### Assigned task
Scan the material for the word "that", then return every line where it appears.

### Data records
section \<open>Covariance of the projected propagator\<close>

lemma integrable_mult_if_square_integrable:
  fixes u v :: "'a \<Rightarrow> real"
  assumes "u \<in> borel_measurable M" "v \<in> borel_measurable M"
    and "integrable M (\<lambda>x. u x * u x)" "integrable M (\<lambda>x. v x * v x)"
  shows "integrable M (\<lambda>x. u x * v x)"
proof (rule Bochner_Integration.integrable_bound)
  show "integrable M (\<lambda>x. u x * u x + v x * v x)"
    using assms by simp
  show "(\<lambda>x. u x * v x) \<in> borel_measurable M"
    using assms by simp
  have "\<bar>u x * v x\<bar> \<le> u x * u x + v x * v x" for x
  proof -
    have "2 * \<bar>u x\<bar> * \<bar>v x\<bar> \<le> u x * u x + v x * v x"
      using sum_squares_bound[of "\<bar>u x\<bar>" "\<bar>v x\<bar>"] by (simp add: power2_eq_square)
    moreover have "0 \<le> \<bar>u x\<bar> * \<bar>v x\<bar>" by simp
    ultimately show ?thesis unfolding abs_mult by linarith
  qed
  then show "AE x in M. norm (u x * v x) \<le> norm (u x * u x + v x * v x)"
    by simp
qed

lemma integrable_square_if_normalized:
  fixes u :: "'a \<Rightarrow> real"
  assumes "(LINT x|M. u x * u x) = 1"
  shows "integrable M (\<lambda>x. u x * u x)"
  using assms not_integrable_integral_eq by force

lemma transforms_by_entry_eq_integral:
  fixes M :: "'v measure"
  assumes tr: "transforms_by K f d rep c" and g: "g \<in> K" and a: "a < d c" and e: "e < d c"
    and meas: "\<forall>a<d c. f c a \<in> borel_measurable M"
    and orth: "\<forall>a<d c. \<forall>e<d c. (LINT k|M. f c a k * f c e k) = (if a = e then 1 else 0)"
  shows "rep c g $$ (a, e) = of_real (LINT k|M. f c a (g k) * f c e k)"
proof -
  have square_int: "integrable M (\<lambda>k. f c a' k * f c a' k)" if "a' < d c" for a'
    using orth that by (intro integrable_square_if_normalized) simp
  have int: "integrable M (\<lambda>k. f c a' k * f c e k)" if "a' < d c" for a'
    using integrable_mult_if_square_integrable[OF meas[rule_format, OF that] meas[rule_format, OF e]
        square_int[OF that] square_int[OF e]] .
  have "complex_of_real (f c a (g k) * f c e k)
      = (\<Sum>a'<d c. rep c g $$ (a, a') * of_real (f c a' k * f c e k))" for k
  proof -
    have "complex_of_real (f c a (g k)) = (\<Sum>a'<d c. rep c g $$ (a, a') * of_real (f c a' k))"
      using tr g a unfolding transforms_by_def by blast
    then show ?thesis by (simp add: sum_distrib_right mult.assoc)
  qed
  then have "complex_of_real (LINT k|M. f c a (g k) * f c e k)
      = (LINT k|M. (\<Sum>a'<d c. rep c g $$ (a, a') * of_real (f c a' k * f c e k)))"
    by (simp flip: integral_complex_of_real)
  also have "\<dots> = (\<Sum>a'<d c. LINT k|M. rep c g $$ (a, a') * of_real (f c a' k * f c e k))"
    by (intro Bochner_Integration.integral_sum Bochner_Integration.integrable_mult_right
        integrable_of_real int) simp
  also have "\<dots> = (\<Sum>a'<d c. rep c g $$ (a, a') * of_real (LINT k|M. f c a' k * f c e k))"
    by (simp only: integral_mult_right_zero integral_complex_of_real)
  also have "\<dots> = (\<Sum>a'<d c. if a' = e then rep c g $$ (a, a') else 0)"
    by (rule sum.cong) (use orth e in auto)
  also have "\<dots> = rep c g $$ (a, e)"
    using e by simp
  finally show ?thesis ..
qed

lemma real_unitary_transpose_inverse:
  assumes M: "M \<in> carrier_mat n n" and unitary: "M * Defs.adj_mat M = 1\<^sub>m n"
    and real: "\<And>i j. i < n \<Longrightarrow> j < n \<Longrightarrow> cnj (M $$ (i, j)) = M $$ (i, j)"
  shows "transpose_mat M * M = 1\<^sub>m n"
proof -
  have "transpose_mat M = Defs.adj_mat M"
    using M real by (intro eq_matI) (auto simp: Defs.adj_mat_def)
  then show ?thesis
    using mat_mult_left_right_inverse[OF M _ unitary] M by (simp add: Defs.adj_mat_def)
qed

### Reply
    using orth that by (intro integrable_square_if_normalized) simp
    using integrable_mult_if_square_integrable[OF meas[rule_format, OF that] meas[rule_format, OF e]
        square_int[OF that] square_int[OF e]] .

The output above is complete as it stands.